Named after the Tongass National Forest (secret: I'll rename her the "Heidi B" after it's finished after all that my wife has done to help build the boat), my Tolman Jumbo Alaskan Skiff has now been flipped. Folks say that you are one third done at this point, but most do their fairing at the completion of the project right before painting. I, on the other hand, believe in fairing at every opportunity along the way by scraping, filling, sanding. When I get to the finish coat, there is little to do (see the bottom coat on in the picture sequence of the flipping). I suspect that I am closer to half done, although that remains to be seen. Of course, I could go with tiller drive and no decks and be done right now ... ;-)

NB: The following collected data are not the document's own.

(* Let $E$ be a topological space such that (i) $E$ has a countable basis of open sets, and (ii) for every closed subset $F$ of $E$, the intersection of countably many $\mathbf{\Pi}^0_2(E)$ subsets of $F$ each of which is dense in $F$ is dense in $F$. Then $\bigcup_{\alpha<\aleph_1}\mathbf{D}_\alpha(E)=\mathbf{\Delta}^0_2(E)$.
   Context: $\mathbf{\Sigma}^0_2(E)$: countable unions of sets $U\setminus V$ with $U,V$ open in $E$; $\mathbf{\Pi}^0_2(E)$: complements of $\mathbf{\Sigma}^0_2(E)$ sets; $\mathbf{\Delta}^0_2(E)=\mathbf{\Sigma}^0_2(E)\cap\mathbf{\Pi}^0_2(E)$. Parity of ordinals: every ordinal is uniquely $\lambda+n$ with $\lambda$ zero or limit and $n<\omega$; its parity is that of $n$; $\alpha\sim\beta$ means same parity. For an ordinal $\alpha$ and a sequence $(A_\beta)_{\beta<\alpha}$ of subsets of $E$, $D_\alpha((A_\beta)_{\beta<\alpha})=\bigcup_{\beta<\alpha,\ \beta\not\sim\alpha}\big(A_\beta\setminus\bigcup_{\gamma<\beta}A_\gamma\big)$. $\mathbf{D}_\alpha(E)$ is the class of all sets $D_\alpha((A_\beta)_{\beta<\alpha})$ with every $A_\beta$ open in $E$. $\aleph_1$ denotes the first uncountable ordinal. *)

theory Defs
  imports "HOL-Analysis.Analysis"
begin

definition Sigma02 :: "'a::topological_space set set" where
  "Sigma02 = {S. \<exists>U V :: nat \<Rightarrow> 'a set. (\<forall>n. open (U n) \<and> open (V n)) \<and> S = (\<Union>n. U n - V n)}"

definition Pi02 :: "'a::topological_space set set" where
  "Pi02 = {S. - S \<in> Sigma02}"

definition Delta02 :: "'a::topological_space set set" where
  "Delta02 = Sigma02 \<inter> Pi02"

text \<open>Ordinals are represented by well-orders r (the ordinal is the order type of r);
  an ordinal beta < alpha is an element b of Field r, with order type that of underS r b.
  An element x is "zero or limit" if the set of its strict predecessors has no maximum.\<close>

definition is_lim_elem :: "'i rel \<Rightarrow> 'i \<Rightarrow> bool" where
  "is_lim_elem r x \<longleftrightarrow> x \<in> Field r \<and> \<not> (\<exists>y\<in>underS r x. \<forall>z\<in>underS r x. (z, y) \<in> r)"

text \<open>If the order type is lambda + n (lambda zero or limit), the elements y after which
  no limit element occurs are exactly lambda, ..., lambda+n-1 (for n > 0); when n = 0 this
  set is empty or infinite. Hence the ordinal is odd iff this set is finite of odd size.\<close>

definition fin_part :: "'i rel \<Rightarrow> 'i set" where
  "fin_part r = {y \<in> Field r. \<forall>z \<in> aboveS r y. \<not> is_lim_elem r z}"

definition ord_odd :: "'i rel \<Rightarrow> bool" where
  "ord_odd r \<longleftrightarrow> finite (fin_part r) \<and> odd (card (fin_part r))"

definition Dop :: "'i rel \<Rightarrow> ('i \<Rightarrow> 'a set) \<Rightarrow> 'a set" where
  "Dop r A = \<Union>{A b - \<Union>{A c | c. c \<in> underS r b} | b.
      b \<in> Field r \<and> ord_odd (Restr r (underS r b)) \<noteq> ord_odd r}"

definition Dclass :: "'i rel \<Rightarrow> 'a::topological_space set set" where
  "Dclass r = {Dop r A | A. \<forall>b\<in>Field r. open (A b)}"

end

(*
  The classes D_alpha lie in Delta^0_2 for an elementary reason: x lies in
  D_alpha((A_beta)) iff the least beta with x in A_beta has the parity opposite to alpha,
  so the set and its complement are both countable unions of differences of open sets.

  The converse is Hausdorff's argument. For S in Delta^0_2, iterate the derivative
  D(F) = F \<inter> cl(F \<inter> S) \<inter> cl(F - S) (called mixed_part S F) transfinitely from the
  whole space, taking intersections at limits. Since F \<inter> S and F - S are Pi^0_2, the
  Baire hypothesis rules out a nonempty closed F with D(F) = F. Hence every point lies in
  exactly one layer F - D(F), and second countability leaves only countably many layers.
  On the layer of F, S agrees with the open set -cl(F - S), and the whole layer lies in the
  open set -D(F). Indexing these sets by (F, 1) and (F, 2) in the ordinal omega * theta
  presents S as a D_(omega * theta) set, which is then re-indexed by a well-order on nat.
*)
theory Submission
  imports Defs
begin

lemma Sigma02I:
  fixes U V :: "nat \<Rightarrow> 'a::topological_space set"
  assumes "\<And>n. open (U n)" and "\<And>n. open (V n)"
  shows "(\<Union>n. U n - V n) \<in> Sigma02"
  unfolding Sigma02_def using assms by (intro CollectI exI[of _ U] exI[of _ V]) simp

lemma Sigma02_countable_UN:
  fixes U V :: "'i \<Rightarrow> 'a::topological_space set"
  assumes "countable I" and "\<And>i. i \<in> I \<Longrightarrow> open (U i) \<and> open (V i)"
  shows "(\<Union>i\<in>I. U i - V i) \<in> Sigma02"
proof (cases "I = {}")
  case True
  then show ?thesis using Sigma02I[of "\<lambda>_. {}" "\<lambda>_. {}"] by simp
next
  case False
  define e where "e = from_nat_into I"
  have "range e = I" unfolding e_def using False assms(1) by simp
  then have "(\<Union>i\<in>I. U i - V i) = (\<Union>n. U (e n) - V (e n))" by auto
  also have "\<dots> \<in> Sigma02"
    using assms(2) \<open>range e = I\<close> by (intro Sigma02I) auto
  finally show ?thesis .
qed

lemma Sigma02_Un:
  assumes "X \<in> Sigma02" and "Y \<in> Sigma02"
  shows "X \<union> Y \<in> Sigma02"
proof -
  obtain U V :: "nat \<Rightarrow> 'a set" where UV: "\<forall>n. open (U n) \<and> open (V n)" "X = (\<Union>n. U n - V n)"
    using assms(1) unfolding Sigma02_def by blast
  obtain U' V' :: "nat \<Rightarrow> 'a set" where UV': "\<forall>n. open (U' n) \<and> open (V' n)" "Y = (\<Union>n. U' n - V' n)"
    using assms(2) unfolding Sigma02_def by blast
  have "X \<union> Y = (\<Union>i\<in>UNIV. case_sum U U' i - case_sum V V' i)"
    unfolding UV UV' by (simp add: UNIV_sum UN_Un image_image)
  also have "\<dots> \<in> Sigma02"
    using UV UV' by (intro Sigma02_countable_UN) (auto split: sum.split)
  finally show ?thesis .
qed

In any case, the boat weighs somewhere between 500# and 700# when it is flipped and we did it easily with old tires, cheap blankets, and about 10 people. We rolled the boat on the building jig, which has casters on it BTW, out onto the driveway. Then we lifted the boat and rolled the jig out from under it. Next, we set one edge on some tires and turned her over. I used blanket-covered old tires as a soft landing pad, but the boat really came down softly anyway. I was a nervous wreck the night before the flipping, but in the end it was actually pretty easy to do it. Many hands make a light load.

After the flipping, we went back into the garage and fastened the pre-made carpet-covered cradles for carrying the boat upright on top of the building jig. My building space is rather limited, so I need to keep the boat on a movable platform all the time. It's easy enough to re-level for the more critical work.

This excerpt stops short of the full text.